Activity
Pick out each line with the word "shows" from the material that follows.

Available data
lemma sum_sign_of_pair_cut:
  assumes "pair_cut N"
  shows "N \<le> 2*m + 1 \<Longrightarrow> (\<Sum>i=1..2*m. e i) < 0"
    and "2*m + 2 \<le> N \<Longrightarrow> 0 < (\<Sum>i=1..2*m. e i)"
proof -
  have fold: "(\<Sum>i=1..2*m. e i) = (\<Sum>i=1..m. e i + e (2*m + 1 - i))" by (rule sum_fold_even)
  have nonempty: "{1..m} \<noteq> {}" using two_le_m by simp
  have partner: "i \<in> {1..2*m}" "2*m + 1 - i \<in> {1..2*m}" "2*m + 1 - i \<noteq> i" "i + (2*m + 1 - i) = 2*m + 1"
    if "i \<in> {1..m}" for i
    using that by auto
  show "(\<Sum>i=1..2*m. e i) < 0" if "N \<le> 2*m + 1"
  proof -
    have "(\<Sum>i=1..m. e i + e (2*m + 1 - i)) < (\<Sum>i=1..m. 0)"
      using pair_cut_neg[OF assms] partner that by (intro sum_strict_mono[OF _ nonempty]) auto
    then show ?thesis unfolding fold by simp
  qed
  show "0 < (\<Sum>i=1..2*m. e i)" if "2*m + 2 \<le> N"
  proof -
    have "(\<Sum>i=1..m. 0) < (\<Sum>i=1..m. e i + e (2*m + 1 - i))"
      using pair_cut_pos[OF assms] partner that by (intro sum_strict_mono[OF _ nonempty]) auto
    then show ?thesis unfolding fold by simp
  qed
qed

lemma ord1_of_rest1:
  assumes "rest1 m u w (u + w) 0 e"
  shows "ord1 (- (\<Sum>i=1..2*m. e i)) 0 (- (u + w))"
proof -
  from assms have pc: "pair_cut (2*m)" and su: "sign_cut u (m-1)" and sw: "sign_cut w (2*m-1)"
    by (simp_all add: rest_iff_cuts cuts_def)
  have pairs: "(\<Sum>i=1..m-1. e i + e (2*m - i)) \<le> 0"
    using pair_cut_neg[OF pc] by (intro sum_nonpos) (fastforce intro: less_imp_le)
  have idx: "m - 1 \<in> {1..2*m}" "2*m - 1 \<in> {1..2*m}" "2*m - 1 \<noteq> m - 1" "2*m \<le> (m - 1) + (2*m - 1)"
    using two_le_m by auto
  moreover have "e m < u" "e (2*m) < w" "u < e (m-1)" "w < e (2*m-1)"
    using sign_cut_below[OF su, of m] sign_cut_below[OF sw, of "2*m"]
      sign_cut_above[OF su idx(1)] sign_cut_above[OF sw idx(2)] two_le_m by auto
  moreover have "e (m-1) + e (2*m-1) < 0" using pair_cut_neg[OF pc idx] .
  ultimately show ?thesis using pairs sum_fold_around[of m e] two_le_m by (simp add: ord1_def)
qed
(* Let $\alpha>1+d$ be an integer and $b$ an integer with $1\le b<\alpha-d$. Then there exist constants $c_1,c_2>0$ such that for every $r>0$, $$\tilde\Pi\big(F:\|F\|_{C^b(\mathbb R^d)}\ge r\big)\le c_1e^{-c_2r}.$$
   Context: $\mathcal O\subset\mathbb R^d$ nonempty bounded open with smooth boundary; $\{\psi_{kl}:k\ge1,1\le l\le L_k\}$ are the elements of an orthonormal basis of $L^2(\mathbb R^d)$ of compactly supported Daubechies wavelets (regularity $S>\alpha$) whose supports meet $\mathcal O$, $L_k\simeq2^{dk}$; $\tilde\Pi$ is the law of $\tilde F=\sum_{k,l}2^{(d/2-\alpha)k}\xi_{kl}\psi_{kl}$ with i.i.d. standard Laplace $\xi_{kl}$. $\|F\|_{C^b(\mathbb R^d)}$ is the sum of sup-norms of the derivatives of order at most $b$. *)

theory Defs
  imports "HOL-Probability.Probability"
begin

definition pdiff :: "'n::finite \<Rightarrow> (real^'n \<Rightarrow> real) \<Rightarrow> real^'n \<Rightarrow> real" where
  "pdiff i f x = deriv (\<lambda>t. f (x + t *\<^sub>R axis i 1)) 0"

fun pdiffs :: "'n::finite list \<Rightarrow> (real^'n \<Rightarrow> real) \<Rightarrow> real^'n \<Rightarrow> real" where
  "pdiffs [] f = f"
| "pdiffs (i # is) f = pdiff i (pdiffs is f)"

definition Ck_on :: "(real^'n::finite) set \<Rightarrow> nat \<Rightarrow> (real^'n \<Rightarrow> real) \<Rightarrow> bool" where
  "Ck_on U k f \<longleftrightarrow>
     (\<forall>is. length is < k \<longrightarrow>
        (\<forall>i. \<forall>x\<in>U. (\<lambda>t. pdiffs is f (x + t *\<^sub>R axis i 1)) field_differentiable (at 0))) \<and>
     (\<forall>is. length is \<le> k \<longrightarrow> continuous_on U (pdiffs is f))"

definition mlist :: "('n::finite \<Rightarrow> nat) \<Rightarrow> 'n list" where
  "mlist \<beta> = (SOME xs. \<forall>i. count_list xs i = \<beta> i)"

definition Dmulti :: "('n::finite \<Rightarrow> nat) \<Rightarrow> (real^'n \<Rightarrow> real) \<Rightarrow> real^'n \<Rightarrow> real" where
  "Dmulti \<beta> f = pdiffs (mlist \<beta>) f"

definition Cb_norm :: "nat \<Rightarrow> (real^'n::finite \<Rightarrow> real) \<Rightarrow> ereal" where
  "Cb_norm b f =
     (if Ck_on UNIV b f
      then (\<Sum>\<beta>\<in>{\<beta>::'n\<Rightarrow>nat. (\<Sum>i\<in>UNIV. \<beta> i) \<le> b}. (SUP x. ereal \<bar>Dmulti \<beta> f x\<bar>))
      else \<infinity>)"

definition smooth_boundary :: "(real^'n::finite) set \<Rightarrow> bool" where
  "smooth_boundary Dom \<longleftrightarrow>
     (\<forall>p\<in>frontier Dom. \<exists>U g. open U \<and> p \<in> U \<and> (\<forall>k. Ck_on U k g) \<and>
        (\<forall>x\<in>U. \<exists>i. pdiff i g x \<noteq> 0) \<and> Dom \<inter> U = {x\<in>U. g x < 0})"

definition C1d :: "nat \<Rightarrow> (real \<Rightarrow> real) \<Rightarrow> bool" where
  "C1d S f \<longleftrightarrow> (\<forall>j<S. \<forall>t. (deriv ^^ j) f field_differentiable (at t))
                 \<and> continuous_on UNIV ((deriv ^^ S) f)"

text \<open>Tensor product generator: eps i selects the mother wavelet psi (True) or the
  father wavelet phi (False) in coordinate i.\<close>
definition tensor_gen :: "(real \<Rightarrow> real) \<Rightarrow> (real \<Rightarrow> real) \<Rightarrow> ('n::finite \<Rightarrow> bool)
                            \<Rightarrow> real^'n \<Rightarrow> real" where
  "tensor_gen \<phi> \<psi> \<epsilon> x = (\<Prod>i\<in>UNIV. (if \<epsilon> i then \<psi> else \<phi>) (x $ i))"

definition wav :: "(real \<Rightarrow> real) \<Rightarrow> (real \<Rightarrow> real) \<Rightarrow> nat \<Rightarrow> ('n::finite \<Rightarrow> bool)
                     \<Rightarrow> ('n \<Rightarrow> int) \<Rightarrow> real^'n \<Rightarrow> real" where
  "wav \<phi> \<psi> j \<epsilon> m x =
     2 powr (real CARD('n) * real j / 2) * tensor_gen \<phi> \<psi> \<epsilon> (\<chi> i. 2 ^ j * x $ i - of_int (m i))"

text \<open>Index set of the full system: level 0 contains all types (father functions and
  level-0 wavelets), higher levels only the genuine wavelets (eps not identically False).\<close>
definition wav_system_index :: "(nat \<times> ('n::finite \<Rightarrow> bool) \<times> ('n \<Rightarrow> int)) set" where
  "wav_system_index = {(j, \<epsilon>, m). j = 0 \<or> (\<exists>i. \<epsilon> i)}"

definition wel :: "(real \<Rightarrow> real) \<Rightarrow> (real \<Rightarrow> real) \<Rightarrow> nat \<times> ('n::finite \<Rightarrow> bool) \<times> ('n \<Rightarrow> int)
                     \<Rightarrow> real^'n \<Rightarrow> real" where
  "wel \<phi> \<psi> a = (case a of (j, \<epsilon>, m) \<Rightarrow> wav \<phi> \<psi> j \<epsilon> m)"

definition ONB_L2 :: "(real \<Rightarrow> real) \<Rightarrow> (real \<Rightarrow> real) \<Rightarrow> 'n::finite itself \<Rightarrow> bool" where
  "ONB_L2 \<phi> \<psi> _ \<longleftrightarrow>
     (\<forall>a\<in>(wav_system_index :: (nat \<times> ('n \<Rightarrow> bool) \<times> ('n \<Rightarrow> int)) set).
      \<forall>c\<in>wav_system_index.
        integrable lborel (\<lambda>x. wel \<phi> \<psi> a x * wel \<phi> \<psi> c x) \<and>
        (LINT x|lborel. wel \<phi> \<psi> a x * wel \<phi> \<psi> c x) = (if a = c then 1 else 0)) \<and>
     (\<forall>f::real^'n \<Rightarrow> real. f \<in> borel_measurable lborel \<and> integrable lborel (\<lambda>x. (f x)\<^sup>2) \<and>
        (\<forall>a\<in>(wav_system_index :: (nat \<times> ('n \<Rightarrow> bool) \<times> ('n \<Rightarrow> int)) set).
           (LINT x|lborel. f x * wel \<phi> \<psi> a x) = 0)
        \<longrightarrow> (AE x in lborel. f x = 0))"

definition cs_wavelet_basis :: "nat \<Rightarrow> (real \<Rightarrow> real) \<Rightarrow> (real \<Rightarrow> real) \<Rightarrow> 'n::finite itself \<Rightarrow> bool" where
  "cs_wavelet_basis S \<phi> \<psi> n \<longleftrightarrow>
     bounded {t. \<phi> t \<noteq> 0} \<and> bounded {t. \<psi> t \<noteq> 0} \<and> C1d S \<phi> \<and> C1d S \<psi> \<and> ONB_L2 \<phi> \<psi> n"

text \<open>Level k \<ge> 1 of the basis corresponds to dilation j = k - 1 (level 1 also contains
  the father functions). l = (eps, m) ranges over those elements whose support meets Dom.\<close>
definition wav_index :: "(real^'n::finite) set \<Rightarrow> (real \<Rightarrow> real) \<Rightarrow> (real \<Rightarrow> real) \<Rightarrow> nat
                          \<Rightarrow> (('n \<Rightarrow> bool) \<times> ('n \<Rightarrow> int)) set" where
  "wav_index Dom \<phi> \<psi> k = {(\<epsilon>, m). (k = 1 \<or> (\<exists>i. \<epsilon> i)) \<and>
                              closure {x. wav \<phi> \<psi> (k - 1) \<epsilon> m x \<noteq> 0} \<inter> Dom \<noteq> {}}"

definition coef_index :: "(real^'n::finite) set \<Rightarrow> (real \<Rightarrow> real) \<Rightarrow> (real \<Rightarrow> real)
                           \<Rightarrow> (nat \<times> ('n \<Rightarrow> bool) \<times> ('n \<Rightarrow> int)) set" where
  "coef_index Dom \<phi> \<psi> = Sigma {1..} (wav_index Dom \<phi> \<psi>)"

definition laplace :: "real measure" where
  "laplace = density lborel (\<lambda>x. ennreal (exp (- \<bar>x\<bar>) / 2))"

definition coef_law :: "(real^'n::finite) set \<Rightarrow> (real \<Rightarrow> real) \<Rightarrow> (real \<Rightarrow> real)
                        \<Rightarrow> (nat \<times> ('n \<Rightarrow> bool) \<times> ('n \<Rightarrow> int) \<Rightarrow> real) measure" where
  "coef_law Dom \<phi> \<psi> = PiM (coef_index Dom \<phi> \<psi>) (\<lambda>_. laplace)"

Task result
  shows "N \<le> 2*m + 1 \<Longrightarrow> (\<Sum>i=1..2*m. e i) < 0"
  shows "ord1 (- (\<Sum>i=1..2*m. e i)) 0 (- (u + w))"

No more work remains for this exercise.